Wilson score CIs, KS tests, z-tests, t-tests, Cohen's h. Not vibes — mathematics. Every claim backed by statistical significance.
Every report cryptographically signed with Ed25519. RFC 3161 timestamped. SHA-256 evidence chains. Tamper-evident by design.
Every finding generates an AI Shield blocking rule. Forge findings become runtime protection. One pipeline from testing to production.
Every offensive tool ships with a 5-category mutation engine. If the base payload fails, Forge mutates it — encoding, obfuscation, semantic rewriting, structural wrapping, and evasion techniques. 150 base attack payloads become 3,750+ mutation variants. The model doesn't get to see the same payload twice.

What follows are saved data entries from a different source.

lemma integral_mult_poly_by_parts:
  fixes g w :: "real \<Rightarrow> real"
  assumes "a \<le> b" "g absolutely_integrable_on {a..b}"
    and w: "\<And>x. x \<in> {a..b} \<Longrightarrow> w x = w a + integral {a..x} g"
  shows "integral {a..b} (\<lambda>s. g s * poly r s) =
    poly r b * (w b - w a) - integral {a..b} (\<lambda>u. poly (pderiv r) u * (w u - w a))"
proof -
  have "integral {a..b} (\<lambda>s. g s * poly r s) =
      poly r b * integral {a..b} g - integral {a..b} (\<lambda>u. poly (pderiv r) u * integral {a..u} g)"
    using assms(1,2)
    by (intro integration_by_parts_indefinite_integral has_field_derivative_at_within[OF poly_DERIV]
        continuous_intros)
  moreover have "integral {a..b} (\<lambda>u. poly (pderiv r) u * integral {a..u} g) =
      integral {a..b} (\<lambda>u. poly (pderiv r) u * (w u - w a))"
  proof (rule integral_cong)
    fix u
    assume "u \<in> {a..b}"
    then show "poly (pderiv r) u * integral {a..u} g = poly (pderiv r) u * (w u - w a)"
      using w[of u] by simp
  qed
  ultimately show ?thesis
    using w[of b] assms(1) by simp
qed

section \<open>Weak derivatives, the C0 norm and partitions\<close>

lemma weak_deriv_on_subinterval:
  assumes "weak_deriv_on T w g" "0 \<le> a" "a \<le> b" "b \<le> T"
  shows "g absolutely_integrable_on {a..b}"
    and "\<And>x. x \<in> {a..b} \<Longrightarrow> w x = w a + integral {a..x} g"
proof -
  have g: "g absolutely_integrable_on {0..T}"
    and w: "\<And>x. x \<in> {0..T} \<Longrightarrow> w x = w 0 + integral {0..x} g"
    using assms(1) unfolding weak_deriv_on_def by blast+
  show "g absolutely_integrable_on {a..b}"
    using assms(2-4) by (auto intro: absolutely_integrable_on_subinterval[OF g])
  fix x
  assume "x \<in> {a..b}"
  have "g integrable_on {0..x}"
    using g \<open>x \<in> {a..b}\<close> assms(2-4)
    by (auto simp: absolutely_integrable_on_def intro: integrable_on_subinterval[of g "{0..T}"])
  then have "integral {0..x} g = integral {0..a} g + integral {a..x} g"
    using \<open>x \<in> {a..b}\<close> assms(2-4)
    by (simp add: Henstock_Kurzweil_Integration.integral_combine)
  moreover have "w x = w 0 + integral {0..x} g" "w a = w 0 + integral {0..a} g"
    using \<open>x \<in> {a..b}\<close> assms(2-4) by (auto intro: w)
  ultimately show "w x = w a + integral {a..x} g"
    by linarith
qed

lemma continuous_on_indefinite_integral_repr:
  fixes g w :: "real \<Rightarrow> real"
  assumes "g integrable_on {a..b}" "\<And>x. x \<in> {a..b} \<Longrightarrow> w x = w a + integral {a..x} g"
  shows "continuous_on {a..b} w"
proof -
  have "continuous_on {a..b} (\<lambda>x. w a + integral {a..x} g)"
    using indefinite_integral_continuous_1[OF assms(1)] by (intro continuous_intros)
  then show ?thesis
    by (rule continuous_on_eq) (metis assms(2))
qed

lemma weak_deriv_on_continuous:
  assumes "weak_deriv_on T w g"
  shows "continuous_on {0..T} w"
proof (rule continuous_on_indefinite_integral_repr)
  show "g integrable_on {0..T}" "\<And>x. x \<in> {0..T} \<Longrightarrow> w x = w 0 + integral {0..x} g"
    using assms unfolding weak_deriv_on_def absolutely_integrable_on_def by blast+
qed

lemma weak_deriv_mult_poly_integrable:
  assumes "weak_deriv_on T w g" "0 \<le> a" "a \<le> b" "b \<le> T"
  shows "(\<lambda>s. g s * poly r s) integrable_on {a..b}"
  using absolutely_integrable_mult_continuous[OF weak_deriv_on_subinterval(1)[OF assms]]
  by (auto simp: absolutely_integrable_on_def intro: continuous_intros)

lemma weak_deriv_integral_mult_poly_eq:
  assumes "weak_deriv_on T w g" "weak_deriv_on T w g'" "0 \<le> a" "a \<le> b" "b \<le> T"
  shows "integral {a..b} (\<lambda>s. g s * poly r s) = integral {a..b} (\<lambda>s. g' s * poly r s)"
  using integral_mult_poly_by_parts[OF _ weak_deriv_on_subinterval[OF assms(1,3-5)]]
    integral_mult_poly_by_parts[OF _ weak_deriv_on_subinterval[OF assms(2,3-5)]] assms(4)
  by simp

lemma abs_le_C0norm:
  assumes "continuous_on {0..T} f" "s \<in> {0..T}"
  shows "\<bar>f s\<bar> \<le> C0norm T f"
proof -
  have "bounded ((\<lambda>s. \<bar>f s\<bar>) ` {0..T})"
    using assms(1) by (intro compact_imp_bounded compact_continuous_image continuous_intros) auto
  then show ?thesis
    unfolding C0norm_def by (intro cSUP_upper assms(2) bounded_imp_bdd_above)
qed

lemma C0norm_nonneg: "0 \<le> T \<Longrightarrow> continuous_on {0..T} f \<Longrightarrow> 0 \<le> C0norm T f"
  using abs_le_C0norm[of T f 0] by force

lemma C0norm_le:
  assumes "0 \<le> T" "\<And>s. s \<in> {0..T} \<Longrightarrow> \<bar>f s\<bar> \<le> M"
  shows "C0norm T f \<le> M"
  unfolding C0norm_def using assms by (intro cSUP_least) auto

lemma partition_less:
  assumes "is_partition T N t" "i < j" "j \<le> N"
  shows "t i < t j"
proof (rule lift_Suc_mono_less_ivl[of "{..<N}"])
  show "\<And>n. n \<in> {..<N} \<Longrightarrow> t n < t (Suc n)"
    using assms(1) by (simp add: is_partition_def)
qed (use assms in auto)

lemma partition_le:
  assumes "is_partition T N t" "i \<le> j" "j \<le> N"
  shows "t i \<le> t j"
  using partition_less[OF assms(1), of i j] assms(2,3) by (cases "i = j") auto

lemma partition_piece_bounds:
  assumes "is_partition T N t" "n \<in> {1..N}"
  shows "0 \<le> t (n - 1)" "t (n - 1) < t n" "t n \<le> T"
  using partition_le[OF assms(1), of 0 "n - 1"] partition_less[OF assms(1), of "n - 1" n]
    partition_le[OF assms(1), of n N] assms
  by (auto simp: is_partition_def)

definition partition_index :: "(nat \<Rightarrow> real) \<Rightarrow> real \<Rightarrow> nat" where
  "partition_index t s = (LEAST n. 1 \<le> n \<and> s \<le> t n)"

lemma partition_index_piece:
  assumes "is_partition T N t" "s \<in> {0..T}"
  shows "partition_index t s \<in> {1..N}"
    and "s \<in> {t (partition_index t s - 1)..t (partition_index t s)}"
proof -
  let ?m = "partition_index t s"
  have N: "1 \<le> N \<and> s \<le> t N"
    using assms by (auto simp: is_partition_def)
  then have m: "1 \<le> ?m \<and> s \<le> t ?m" "?m \<le> N"
    unfolding partition_index_def
    by (fact LeastI[of "\<lambda>n. 1 \<le> n \<and> s \<le> t n" N], fact Least_le[of _ N])
  then show "?m \<in> {1..N}"
    by simp
  have "t (?m - 1) \<le> s"
  proof (cases "?m = 1")
    case True
    then show ?thesis
      using assms by (simp add: is_partition_def)
  next
    case False
    then have "\<not> (1 \<le> ?m - 1 \<and> s \<le> t (?m - 1))"
      using m(1) not_less_Least[of "?m - 1" "\<lambda>n. 1 \<le> n \<and> s \<le> t n"]
      unfolding partition_index_def by fastforce
    with False m(1) have "\<not> s \<le> t (?m - 1)"
      by auto
    then show ?thesis
      by simp
  qed
  with m show "s \<in> {t (?m - 1)..t ?m}"
    by simp
qed

lemma partition_index_glue:
  assumes "is_partition T N t" "n \<in> {1..N}" "s \<in> {t (n - 1)..t n}"
    and nodes: "\<And>m. m \<in> {1..N} \<Longrightarrow> f m (t (m - 1)) = c (t (m - 1)) \<and> f m (t m) = c (t m)"
  shows "f (partition_index t s) s = f n s"
proof -
  let ?m = "partition_index t s"
  have "s \<in> {0..T}"
    using assms(3) partition_piece_bounds[OF assms(1,2)] by auto
  then have m: "?m \<in> {1..N}" "s \<in> {t (?m - 1)..t ?m}"
    using partition_index_piece[OF assms(1)] by auto
  consider "?m = n" | "?m < n" | "n < ?m"
    by linarith
  then show ?thesis
  proof cases
    case 2
    then have "t ?m \<le> t (n - 1)"
      using assms(2) by (intro partition_le[OF assms(1)]) auto
    then have "s = t ?m" "s = t (n - 1)"
      using m(2) assms(3) by auto
    then show ?thesis
      using nodes[OF m(1)] nodes[OF assms(2)] by metis
  next
    case 3
    then have "t n \<le> t (?m - 1)"
      using m(1) by (intro partition_le[OF assms(1)]) auto
    then have "s = t n" "s = t (?m - 1)"
      using m(2) assms(3) by auto
    then show ?thesis
      using nodes[OF m(1)] nodes[OF assms(2)] by metis
  qed simp
qed

lemma partition_pieces_Union:
  assumes "is_partition T N t"
  shows "(\<Union>n\<in>{1..N}. {t (n - 1)..t n}) = {0..T}"
proof (intro equalityI UN_least subsetI)
  fix n s
  assume "n \<in> {1..N}" "s \<in> {t (n - 1)..t n}"
  then show "s \<in> {0..T}"
    using partition_piece_bounds[OF assms \<open>n \<in> {1..N}\<close>] by auto
next
  fix s
  assume "s \<in> {0..T}"
  then show "s \<in> (\<Union>n\<in>{1..N}. {t (n - 1)..t n})"
    using partition_index_piece[OF assms] by blast
qed

section \<open>Local L2 projections onto polynomials\<close>

lemma integral_mult_poly_sum:
  fixes g :: "real \<Rightarrow> real"
  assumes "finite A" "\<And>r. (\<lambda>s. g s * poly r s) integrable_on S"
  shows "integral S (\<lambda>s. g s * poly (\<Sum>k\<in>A. smult (d k) (P k)) s) =
    (\<Sum>k\<in>A. d k * integral S (\<lambda>s. g s * poly (P k) s))"
proof -
  have "integral S (\<lambda>s. g s * poly (\<Sum>k\<in>A. smult (d k) (P k)) s) =
      integral S (\<lambda>s. \<Sum>k\<in>A. d k * (g s * poly (P k) s))"
    by (simp add: poly_sum sum_distrib_left mult.left_commute)
  also have "\<dots> = (\<Sum>k\<in>A. integral S (\<lambda>s. d k * (g s * poly (P k) s)))"
    using assms by (intro integral_sum integrable_on_mult_right) auto
  finally show ?thesis
    by simp
qed

definition is_L2_proj :: "nat \<Rightarrow> real \<Rightarrow> real \<Rightarrow> (real \<Rightarrow> real) \<Rightarrow> real poly \<Rightarrow> bool" where
  "is_L2_proj q a b g Q \<longleftrightarrow> degree Q < q \<and>
     (\<forall>r. degree r < q \<longrightarrow> poly_integral a b (Q * r) = integral {a..b} (\<lambda>s. g s * poly r s))"

lemma is_L2_proj_unique:
  assumes "a < b" "is_L2_proj q a b g Q1" "is_L2_proj q a b g Q2"
  shows "Q1 = Q2"
proof -
  have "degree (Q1 - Q2) < q"
    using assms(2,3) by (auto simp: is_L2_proj_def intro: degree_diff_less)
  then have "poly_integral a b (Q1 * (Q1 - Q2)) = poly_integral a b (Q2 * (Q1 - Q2))"
    using assms(2,3) by (simp add: is_L2_proj_def)
  then have "poly_integral a b ((Q1 - Q2) * (Q1 - Q2)) = 0"
    by (simp add: left_diff_distrib poly_integral_diff del: mult_diff_mult)
  then show ?thesis
    using poly_integral_square_pos[OF assms(1), of "Q1 - Q2"] by fastforce
qed

lemma is_L2_proj_integral:
  assumes "1 \<le> q" "is_L2_proj q a b g Q"
  shows "poly_integral a b Q = integral {a..b} g"
  using assms by (auto simp: is_L2_proj_def dest: spec[of _ 1])

lemma poly_eq_sum_degree_basis:
  fixes P :: "nat \<Rightarrow> 'a::field poly"
  assumes "\<And>k. k < m \<Longrightarrow> degree (P k) = k \<and> P k \<noteq> 0"
    and "\<And>i. m \<le> i \<Longrightarrow> coeff r i = 0"
  shows "\<exists>c. r = (\<Sum>k<m. smult (c k) (P k))"
  using assms
proof (induction m arbitrary: r)
  case 0
  then have "r = 0"
    by (intro poly_eqI) simp
  then show ?case
    by simp
next
  case (Suc m)
  have "degree (P m) = m" "P m \<noteq> 0"
    using Suc.prems(1)[of m] by auto
  then have lead: "coeff (P m) m \<noteq> 0"
    by (metis leading_coeff_0_iff)
  define d where "d = coeff r m / coeff (P m) m"
  have "coeff (r - smult d (P m)) i = 0" if "m \<le> i" for i
    using that lead Suc.prems(2)[of i] \<open>degree (P m) = m\<close>
    by (cases "i = m") (auto simp: d_def coeff_eq_0)
  then obtain c where "r - smult d (P m) = (\<Sum>k<m. smult (c k) (P k))"
    using Suc.IH Suc.prems(1) by force
  then have "r = (\<Sum>k<Suc m. smult ((c(m := d)) k) (P k))"
    by (simp add: algebra_simps)
  then show ?case
    by blast
qed

locale orthogonal_poly_basis =
  fixes q :: nat and B :: "nat \<Rightarrow> real poly"
  assumes degree_basis: "k < q \<Longrightarrow> degree (B k) = k"
    and basis_nonzero: "k < q \<Longrightarrow> B k \<noteq> 0"
    and basis_orthogonal: "j < q \<Longrightarrow> k < q \<Longrightarrow> j \<noteq> k \<Longrightarrow> poly_integral 0 1 (B j * B k) = 0"
begin

definition basis_norm :: "nat \<Rightarrow> real" where
  "basis_norm k = poly_integral 0 1 (B k * B k)"

lemma basis_norm_pos: "k < q \<Longrightarrow> basis_norm k > 0"
  unfolding basis_norm_def by (intro poly_integral_square_pos basis_nonzero) simp_all

definition basis_on :: "real \<Rightarrow> real \<Rightarrow> nat \<Rightarrow> real poly" where
  "basis_on a h k = B k \<circ>\<^sub>p rescale a h"

lemma degree_basis_on: "h > 0 \<Longrightarrow> k < q \<Longrightarrow> degree (basis_on a h k) = k"
  by (simp add: basis_on_def degree_pcompose degree_rescale degree_basis)

lemma basis_on_orthogonal:
  assumes "h > 0" "j < q" "k < q"
  shows "poly_integral a (a + h) (basis_on a h j * basis_on a h k) =
    (if j = k then h * basis_norm k else 0)"
  using poly_integral_pcompose_rescale[OF assms(1), of a "B j * B k"]
    basis_orthogonal[OF assms(2,3)]
  by (simp add: basis_on_def pcompose_mult basis_norm_def)

lemma poly_integral_sum_basis_on:
  assumes "h > 0" "j < q"
  shows "poly_integral a (a + h) ((\<Sum>k<q. smult (c k) (basis_on a h k)) * basis_on a h j) =
    c j * (h * basis_norm j)"
proof -
  have "poly_integral a (a + h) ((\<Sum>k<q. smult (c k) (basis_on a h k)) * basis_on a h j) =
      (\<Sum>k<q. c k * poly_integral a (a + h) (basis_on a h k * basis_on a h j))"
    by (simp add: sum_distrib_right poly_integral_sum poly_integral_smult)
  also have "\<dots> = (\<Sum>k<q. if k = j then c j * (h * basis_norm j) else 0)"
    by (intro sum.cong) (auto simp: basis_on_orthogonal assms)
  finally show ?thesis
    using assms(2) by simp
qed

lemma basis_on_expansion:
  assumes "h > 0" "degree r < q"
  shows "r = (\<Sum>k<q. smult (poly_integral a (a + h) (r * basis_on a h k) / (h * basis_norm k))
                         (basis_on a h k))"
proof -
  have "basis_on a h k \<noteq> 0" if "k < q" for k
    using assms(1) basis_nonzero[OF that] pcompose_eq_0[of "B k" "rescale a h"]
    by (auto simp: basis_on_def degree_rescale)
  then obtain c where c: "r = (\<Sum>k<q. smult (c k) (basis_on a h k))"
    using poly_eq_sum_degree_basis[of q "basis_on a h" r] degree_basis_on[OF assms(1)] assms(2)
    by (force intro: coeff_eq_0)
  have "poly_integral a (a + h) (r * basis_on a h j) / (h * basis_norm j) = c j" if "j < q" for j
    using poly_integral_sum_basis_on[OF assms(1) that, where c = c] basis_norm_pos[OF that] assms(1)
    by (subst c) simp
  then show ?thesis
    by (subst (1) c) (intro sum.cong; simp)
qed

Forge is Stage 1. Test the model before you build with it. Arsenal is Stage 2 — test the agent during development. AI Shield is Stage 3 — protect the live agent in production. Forge findings feed directly into AI Shield as runtime blocking rules. No competitor has all three.
Red Specter Forge is intended for authorised security testing only. Unauthorised use against systems you do not own or have explicit permission to test may violate the Computer Misuse Act 1990 (UK), Computer Fraud and Abuse Act (US), and equivalent legislation in other jurisdictions. Always obtain written authorisation before conducting any security assessments. Apache License 2.0.